Another way that researchers could end up as part of the EIC vision is through business secondments. Luke Georghiou, vice-president for research and innovation at the University of Manchester, and an adviser to a recent EU report on public innovation spending, has argued that many companies are stuck using “off-the-shelf technologies” because they are locked out of new knowledge.
“So, what you might do is have a scheme that subsidises a doctoral researcher to go and work on a company problem. You create a job for them, but you also give that company the capability not only of what that person is doing for them, but all the networks that they bring with them,” he suggested to , the EU’s research and innovation magazine.
Mr Smits has suggested that the EIC could model itself on Israel, which has gained a reputation as a high-tech start-up hub. There, about $500 million (?384 million) annually is invested by the Israel Innovation Authority, which helps support “risky” new businesses that the private sector might not otherwise touch, explained Nili Shalev, who leads the Israel-Europe Research and Development Directorate.
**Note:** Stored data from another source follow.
lemma closure_neq_UNIV_convex:
  fixes S :: "'a::euclidean_space set"
  assumes "convex S" "S \<noteq> UNIV"
  shows "closure S \<noteq> UNIV"
proof
  assume "closure S = UNIV"
  then have "rel_interior S = UNIV" using convex_rel_interior_closure[OF assms(1)] by simp
  then show False using rel_interior_subset assms(2) by blast
qed

lemma upper_image_subset_translate_rec_cone:
  fixes C :: "'b::euclidean_space set"
  assumes C: "convex C" "cone C" and c: "c \<in> interior C" and S: "pv_self_bounded C X \<Gamma>"
  shows "\<exists>q. upper_image C X \<Gamma> \<subseteq> {q} + rec_cone (upper_image C X \<Gamma>)"
proof -
  let ?R = "rec_cone (upper_image C X \<Gamma>)"
  obtain P where P: "finite P" "Ya C X \<Gamma> \<subseteq> convex hull P + ?R"
    using S unfolding pv_self_bounded_def upper_image_eq_closure_Ya by auto
  have K: "compact (convex hull P)" using P(1) by (simp add: compact_convex_hull finite_imp_compact)
  obtain q where q: "convex hull P \<subseteq> {q} + C"
    using bounded_subset_translate_solid_cone[OF C(2) c compact_imp_bounded[OF K]] by blast
  have CR: "C \<subseteq> ?R"
    unfolding upper_image_def msum_eq_set_plus by (rule cone_subset_rec_cone_closure_plus[OF C])
  have "closure (Ya C X \<Gamma>) \<subseteq> convex hull P + ?R"
    by (intro closure_minimal P(2) closed_compact_plus_closed K closed_rec_cone closed_upper_image)
  then have "upper_image C X \<Gamma> \<subseteq> convex hull P + ?R"
    by (simp only: upper_image_eq_closure_Ya)
  also have "\<dots> \<subseteq> ({q} + C) + ?R" using q by (rule set_plus_mono2) simp
  also have "\<dots> = {q} + (C + ?R)" by (rule add.assoc)
  also have "\<dots> \<subseteq> {q} + ?R"
    using CR rec_cone_plus_subset[of "upper_image C X \<Gamma>"] by (meson order.trans set_plus_mono2 subset_refl)
  finally show ?thesis by blast
qed
text \<open>
  Fix a branching k-path vertex cover P, let B be the branching vertices outside P
  and U the remaining vertices, all of degree 2. Since every path on k vertices meets P or B, the
  forest induced by U is a union of paths with at most k - 1 vertices each, and each such path
  sends exactly two edges out of U; hence 2|U| <= (k - 1) times the degree sum over P and B. The
  non-isolated part of F is a forest, so its degree sum is at most twice its order minus 2.
  Together with degree >= 1 on the non-isolated vertices of P and degree >= 3 on B, this yields
  n + 3k - 1 <= 2k|P|.

  Tightness. A comb with a spine of (M+1)k + 1 vertices and M teeth of k vertices each, hung at
  the spine vertices k, 2k, ..., Mk, has (2M+1)k + 1 vertices, and its M + 2 leaves form a cover.
\<close>

lemma simple_graphD:
  assumes "simple_graph V E"
  shows "finite V" and "E u v \<Longrightarrow> E v u" and "\<not> E v v"
    and "E u v \<Longrightarrow> u \<in> V" and "E u v \<Longrightarrow> v \<in> V"
  using assms by (auto simp: simple_graph_def)

lemma card_le_degree: "finite V \<Longrightarrow> S \<subseteq> {u \<in> V. E v u} \<Longrightarrow> card S \<le> degree V E v"
  unfolding degree_def by (rule card_mono) auto

lemma degree_pos:
  assumes "simple_graph V E" "E v u"
  shows "0 < degree V E v"
proof -
  have "u \<in> {w \<in> V. E v w}" using simple_graphD(5)[OF assms] assms(2) by simp
  then show ?thesis
    unfolding degree_def using simple_graphD(1)[OF assms(1)] by (auto simp: card_gt_0_iff)
qed

lemma degree_split:
  assumes "finite V" "S \<subseteq> V"
  shows "degree V E v = card {u \<in> S. E v u} + card {u \<in> V - S. E v u}"
proof -
  have "{u \<in> V. E v u} = {u \<in> S. E v u} \<union> {u \<in> V - S. E v u}" using assms(2) by auto
  moreover have "card ({u \<in> S. E v u} \<union> {u \<in> V - S. E v u})
      = card {u \<in> S. E v u} + card {u \<in> V - S. E v u}"
    using assms by (intro card_Un_disjoint) (auto intro: finite_subset)
  ultimately show ?thesis by (simp add: degree_def)
qed

definition induced :: "('a \<Rightarrow> 'a \<Rightarrow> bool) \<Rightarrow> 'a set \<Rightarrow> 'a \<Rightarrow> 'a \<Rightarrow> bool" where
  "induced E S u v \<longleftrightarrow> E u v \<and> u \<in> S \<and> v \<in> S"

lemma is_path_induced: "S \<subseteq> V \<Longrightarrow> is_path S (induced E S) p \<Longrightarrow> is_path V E p"
  by (auto simp: is_path_def induced_def)

lemma forest_induced:
  assumes "forest V E" "S \<subseteq> V"
  shows "forest S (induced E S)"
proof -
  have "simple_graph S (induced E S)"
    using assms finite_subset unfolding forest_def simple_graph_def induced_def by blast
  moreover have "\<not> is_cycle S (induced E S) c" for c
    using assms is_path_induced[OF assms(2)] unfolding forest_def is_cycle_def induced_def by blast
  ultimately show ?thesis by (simp add: forest_def)
qed

lemma degree_induced: "v \<in> S \<Longrightarrow> degree S (induced E S) v = card {u \<in> S. E v u}"
  unfolding degree_def induced_def by (rule arg_cong[where f = card]) auto

lemma degree_induced_eq:
  assumes "v \<in> S" "S \<subseteq> V" "\<And>u. u \<in> V \<Longrightarrow> E v u \<Longrightarrow> u \<in> S"
  shows "degree S (induced E S) v = degree V E v"
proof -
  have "degree S (induced E S) v = card {u \<in> S. E v u}" by (rule degree_induced[OF assms(1)])
  also have "{u \<in> S. E v u} = {u \<in> V. E v u}" using assms(2,3) by auto
  finally show ?thesis by (simp add: degree_def)
qed

lemma length_path_le_card: "finite V \<Longrightarrow> is_path V E p \<Longrightarrow> length p \<le> card V"
  unfolding is_path_def by (metis card_mono distinct_card)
The good news for academics is that universities are seen as a key part of the innovation system that Israel has fostered, she said. The authority funds joint projects between researchers and companies to develop new products; at least some academics help decide which companies get funding; and a sizeable chunk of the country’s start-ups are founded by graduates of the Technion Israel Institute of Technology.
“There are many successful researchers who become entrepreneurs,” Ms Shalev said. Mobileye, a maker of technology useful for self-driving cars, was co-founded by a professor of computer science at the Hebrew University of Jerusalem. It was bought for more than $15 billion by Intel earlier this year.
Yet this shift towards high-tech innovation has subtly changed Israeli values, Ms Shalev thinks. “You don’t need to be a Nobel prizewinner…being a successful entrepreneur is the pinnacle of success in Israel,” she said.
But for Europe to replicate Israel’s success, it will have to overcome several challenges. Israel’s companies, research centres and funders have such excellent links precisely because it is such a small country, said Ms Shalev. Meanwhile, Europe, despite decades of economic integration, is still a far more heterogeneous market than the US, making it difficult for companies to scale up continent wide, said Professor Palmowski.
And Israel started its push towards a high-tech, start-up friendly country all the way back in the early 1990s, Ms Shalev added – suggesting that Europe, at least as a whole, may have a long way to go.